Details on selected HD programming carried by E* can also be found in the HD Programming forum *HERE*


----------



## Chandu (Oct 3, 2005)

dave1234 said:


> ...UEFA cup games are usually early Sat. and Sun. morning(really early on the West coast)....


Wrong.

UEFA Cup matches are almost always on Thursday afternoons in the US. And they're LIVE, not tape delayed.

*Thursday November 2

11:30 AM Pacific/2:30 PM Eastern

Lens vs. Halmstad*



socceteer said:


> They do..?
> 
> I have not seen a UEFA game televised yet...! When will this happen..?


See above.



SummitAdvantageRetailer said:


> Wow, UEFA Cup matches, too? I just found out Rush HD carried La Liga so this is better news!


 :biggthump


----------



## Antknee (Oct 13, 2005)

Well, it may be only $5 a month, but you need to pay $99 for the second dish.... that's my problem with it


----------



## dave1234 (Oct 9, 2005)

WRONG

UEFA cup games are shown early morning on the weekends, they just aren't live.....


----------



## dave1234 (Oct 9, 2005)

Sorry forgot to add: But you're RIGHT, they are shown live during the week


----------



## Chandu (Oct 3, 2005)

dave1234 said:


> WRONG
> 
> UEFA cup games are shown early morning on the weekends, they just aren't live.....

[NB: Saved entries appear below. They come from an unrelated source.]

(* Assume (H1)–(H9) with (H7) in the form (H7-WFL), all as described in the context. Then there exists an event $\Omega_1\subseteq\Omega$ of full probability such that for all $\omega\in\Omega_1$, $$\tilde A(\omega)=\overline A:=\max(\mu^\star_L,\mu^\star_R).$$
   Context: $(\Omega,\mathbf F,P)$ probability space; $H:\mathbb R\times\mathbb R\times\Omega\to\mathbb R$ measurable; for Borel $V$, $\mathbf F(V)$ is the $\sigma$-algebra generated by $\omega\mapsto H(p,y,\omega)$, $y\in V$, $p\in\mathbb R$. $(\tau_z)_{z\in\mathbb R}$ is an ergodic group of measure-preserving maps of $\Omega$ ($\tau_{x+z}=\tau_x\circ\tau_z$; invariant events have probability 0 or 1). (H1) $H$ Lipschitz in $p$ uniformly in $(y,\omega)$. (H2) $-c_0|p+\gamma|\le H\le C_0|p+\gamma|$ for some $c_0,C_0,\gamma>0$. (H3) $\lim_{|p|\to\infty}\inf_{(y,\omega)}H=+\infty$. (H4) $|H(p,y,\omega)-H(p,x,\omega)|\le w(|x-y|(1+|p|))$ for a modulus $w$. (H5) $H$ convex in $p$. (H6) $H(p,y,\omega)\ge H(0,y,\omega)$. (H7-WFL) $H(p,y,\omega)=\phi(y)H_L(p,y,\omega)+(1-\phi(y))H_R(p,y,\omega)$ with $\phi\in C^\infty$ non-increasing, $\phi=1$ on $(-\infty,-1]$, $\phi=0$ on $[1,\infty)$. (H8) $H_\alpha(p,y+z,\omega)=H_\alpha(p,y,\tau_z\omega)$ for $\alpha\in\{L,R\}$. (H9) $\mathbf F(U),\mathbf F(V)$ independent whenever $d(U,V)\ge1$. Definitions: $\tilde A(\omega)=\inf\{\mu:\ \exists v$ globally Lipschitz with $H(Dv,y,\omega)\le\mu$ in $\mathbb R\}$; $\mu^\star_\alpha$ is the almost surely constant value of $\inf\{\mu:\ \exists v$ globally Lipschitz with $H_\alpha(Dv,y,\omega)\le\mu$ in $\mathbb R\}$ (inequalities in the viscosity sense). *)

theory Defs
  imports "HOL-Probability.Probability"
begin

definition visc_subsol :: "(real \<Rightarrow> real \<Rightarrow> real) \<Rightarrow> (real \<Rightarrow> real) \<Rightarrow> real \<Rightarrow> bool" where
  "visc_subsol G v mu \<longleftrightarrow> continuous_on UNIV v \<and>
     (\<forall>phi phi' y. (\<forall>x. (phi has_real_derivative phi' x) (at x)) \<and> continuous_on UNIV phi' \<and>
        (\<exists>e>0. \<forall>x. \<bar>x - y\<bar> < e \<longrightarrow> v x - phi x \<le> v y - phi y)
        \<longrightarrow> G (phi' y) y \<le> mu)"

OK, so you were talking about tape delayed stuff. We both stand corrected in different ways. :allthumbs

In these days of Tivo/DVR, if an event is shown LIVE, it becomes almost irrelevant to wait until it is shown again on tape delay sometime later.

Get ready to watch your first ever UEFA Cup matchup in HD! It starts in about 15 minutes.


----------